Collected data

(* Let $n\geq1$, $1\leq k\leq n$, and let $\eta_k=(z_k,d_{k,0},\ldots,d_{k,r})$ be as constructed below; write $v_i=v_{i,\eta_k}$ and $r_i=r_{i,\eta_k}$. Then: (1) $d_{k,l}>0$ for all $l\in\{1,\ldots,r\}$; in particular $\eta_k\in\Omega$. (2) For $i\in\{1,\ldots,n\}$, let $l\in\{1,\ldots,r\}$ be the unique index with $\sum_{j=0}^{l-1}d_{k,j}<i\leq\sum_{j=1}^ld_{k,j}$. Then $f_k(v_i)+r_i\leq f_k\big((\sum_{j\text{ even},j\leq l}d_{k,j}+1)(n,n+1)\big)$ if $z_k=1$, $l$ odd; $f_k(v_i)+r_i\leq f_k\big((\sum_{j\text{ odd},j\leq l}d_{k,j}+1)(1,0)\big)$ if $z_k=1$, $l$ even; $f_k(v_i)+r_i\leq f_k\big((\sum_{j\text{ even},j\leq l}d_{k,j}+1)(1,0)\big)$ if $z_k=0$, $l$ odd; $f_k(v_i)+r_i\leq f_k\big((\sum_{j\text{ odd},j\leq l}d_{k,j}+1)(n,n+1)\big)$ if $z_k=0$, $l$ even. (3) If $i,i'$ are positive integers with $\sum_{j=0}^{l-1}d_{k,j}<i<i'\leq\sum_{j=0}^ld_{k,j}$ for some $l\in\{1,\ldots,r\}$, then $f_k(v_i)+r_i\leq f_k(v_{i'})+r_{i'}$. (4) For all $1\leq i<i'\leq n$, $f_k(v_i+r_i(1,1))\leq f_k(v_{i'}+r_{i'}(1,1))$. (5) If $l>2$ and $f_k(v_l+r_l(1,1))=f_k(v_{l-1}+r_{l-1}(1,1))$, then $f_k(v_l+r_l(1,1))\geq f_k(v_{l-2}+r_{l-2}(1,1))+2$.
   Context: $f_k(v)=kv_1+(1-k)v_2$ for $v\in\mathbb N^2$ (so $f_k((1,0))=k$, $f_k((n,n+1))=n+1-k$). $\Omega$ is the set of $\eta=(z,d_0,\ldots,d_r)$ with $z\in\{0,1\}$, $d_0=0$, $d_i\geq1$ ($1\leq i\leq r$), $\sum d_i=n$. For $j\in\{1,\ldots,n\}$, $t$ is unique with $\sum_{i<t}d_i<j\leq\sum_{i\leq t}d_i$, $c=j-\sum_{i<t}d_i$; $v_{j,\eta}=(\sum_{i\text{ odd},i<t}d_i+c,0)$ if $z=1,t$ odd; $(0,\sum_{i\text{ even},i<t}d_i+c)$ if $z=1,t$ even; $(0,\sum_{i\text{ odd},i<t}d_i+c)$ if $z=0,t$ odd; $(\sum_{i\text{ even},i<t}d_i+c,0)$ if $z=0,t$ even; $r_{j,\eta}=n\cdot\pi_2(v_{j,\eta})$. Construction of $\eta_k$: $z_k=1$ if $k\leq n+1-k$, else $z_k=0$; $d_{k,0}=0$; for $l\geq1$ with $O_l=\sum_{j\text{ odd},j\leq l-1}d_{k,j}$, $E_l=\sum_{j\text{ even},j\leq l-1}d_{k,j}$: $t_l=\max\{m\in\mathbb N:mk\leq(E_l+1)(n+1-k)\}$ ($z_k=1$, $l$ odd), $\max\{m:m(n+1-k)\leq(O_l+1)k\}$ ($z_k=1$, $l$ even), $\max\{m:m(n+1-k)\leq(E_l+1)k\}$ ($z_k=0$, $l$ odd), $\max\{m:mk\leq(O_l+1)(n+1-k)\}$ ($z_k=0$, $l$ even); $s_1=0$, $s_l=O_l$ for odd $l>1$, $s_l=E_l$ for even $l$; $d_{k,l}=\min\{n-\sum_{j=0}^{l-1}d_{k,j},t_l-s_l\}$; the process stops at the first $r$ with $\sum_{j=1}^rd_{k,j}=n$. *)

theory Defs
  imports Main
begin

## Problem to solve
Print each of the lines above again, unchanged.

## Problem solution
(* Let $n\geq1$, $1\leq k\leq n$, and let $\eta_k=(z_k,d_{k,0},\ldots,d_{k,r})$ be as constructed below; write $v_i=v_{i,\eta_k}$ and $r_i=r_{i,\eta_k}$. Then: (1) $d_{k,l}>0$ for all $l\in\{1,\ldots,r\}$; in particular $\eta_k\in\Omega$. (2) For $i\in\{1,\ldots,n\}$, let $l\in\{1,\ldots,r\}$ be the unique index with $\sum_{j=0}^{l-1}d_{k,j}<i\leq\sum_{j=1}^ld_{k,j}$. Then $f_k(v_i)+r_i\leq f_k\big((\sum_{j\text{ even},j\leq l}d_{k,j}+1)(n,n+1)\big)$ if $z_k=1$, $l$ odd; $f_k(v_i)+r_i\leq f_k\big((\sum_{j\text{ odd},j\leq l}d_{k,j}+1)(1,0)\big)$ if $z_k=1$, $l$ even; $f_k(v_i)+r_i\leq f_k\big((\sum_{j\text{ even},j\leq l}d_{k,j}+1)(1,0)\big)$ if $z_k=0$, $l$ odd; $f_k(v_i)+r_i\leq f_k\big((\sum_{j\text{ odd},j\leq l}d_{k,j}+1)(n,n+1)\big)$ if $z_k=0$, $l$ even. (3) If $i,i'$ are positive integers with $\sum_{j=0}^{l-1}d_{k,j}<i<i'\leq\sum_{j=0}^ld_{k,j}$ for some $l\in\{1,\ldots,r\}$, then $f_k(v_i)+r_i\leq f_k(v_{i'})+r_{i'}$. (4) For all $1\leq i<i'\leq n$, $f_k(v_i+r_i(1,1))\leq f_k(v_{i'}+r_{i'}(1,1))$. (5) If $l>2$ and $f_k(v_l+r_l(1,1))=f_k(v_{l-1}+r_{l-1}(1,1))$, then $f_k(v_l+r_l(1,1))\geq f_k(v_{l-2}+r_{l-2}(1,1))+2$.
   Context: $f_k(v)=kv_1+(1-k)v_2$ for $v\in\mathbb N^2$ (so $f_k((1,0))=k$, $f_k((n,n+1))=n+1-k$). $\Omega$ is the set of $\eta=(z,d_0,\ldots,d_r)$ with $z\in\{0,1\}$, $d_0=0$, $d_i\geq1$ ($1\leq i\leq r$), $\sum d_i=n$. For $j\in\{1,\ldots,n\}$, $t$ is unique with $\sum_{i<t}d_i<j\leq\sum_{i\leq t}d_i$, $c=j-\sum_{i<t}d_i$; $v_{j,\eta}=(\sum_{i\text{ odd},i<t}d_i+c,0)$ if $z=1,t$ odd; $(0,\sum_{i\text{ even},i<t}d_i+c)$ if $z=1,t$ even; $(0,\sum_{i\text{ odd},i<t}d_i+c)$ if $z=0,t$ odd; $(\sum_{i\text{ even},i<t}d_i+c,0)$ if $z=0,t$ even; $r_{j,\eta}=n\cdot\pi_2(v_{j,\eta})$. Construction of $\eta_k$: $z_k=1$ if $k\leq n+1-k$, else $z_k=0$; $d_{k,0}=0$; for $l\geq1$ with $O_l=\sum_{j\text{ odd},j\leq l-1}d_{k,j}$, $E_l=\sum_{j\text{ even},j\leq l-1}d_{k,j}$: $t_l=\max\{m\in\mathbb N:mk\leq(E_l+1)(n+1-k)\}$ ($z_k=1$, $l$ odd), $\max\{m:m(n+1-k)\leq(O_l+1)k\}$ ($z_k=1$, $l$ even), $\max\{m:m(n+1-k)\leq(E_l+1)k\}$ ($z_k=0$, $l$ odd), $\max\{m:mk\leq(O_l+1)(n+1-k)\}$ ($z_k=0$, $l$ even); $s_1=0$, $s_l=O_l$ for odd $l>1$, $s_l=E_l$ for even $l$; $d_{k,l}=\min\{n-\sum_{j=0}^{l-1}d_{k,j},t_l-s_l\}$; the process stops at the first $r$ with $\sum_{j=1}^rd_{k,j}=n$. *)

theory Defs
  imports Main
begin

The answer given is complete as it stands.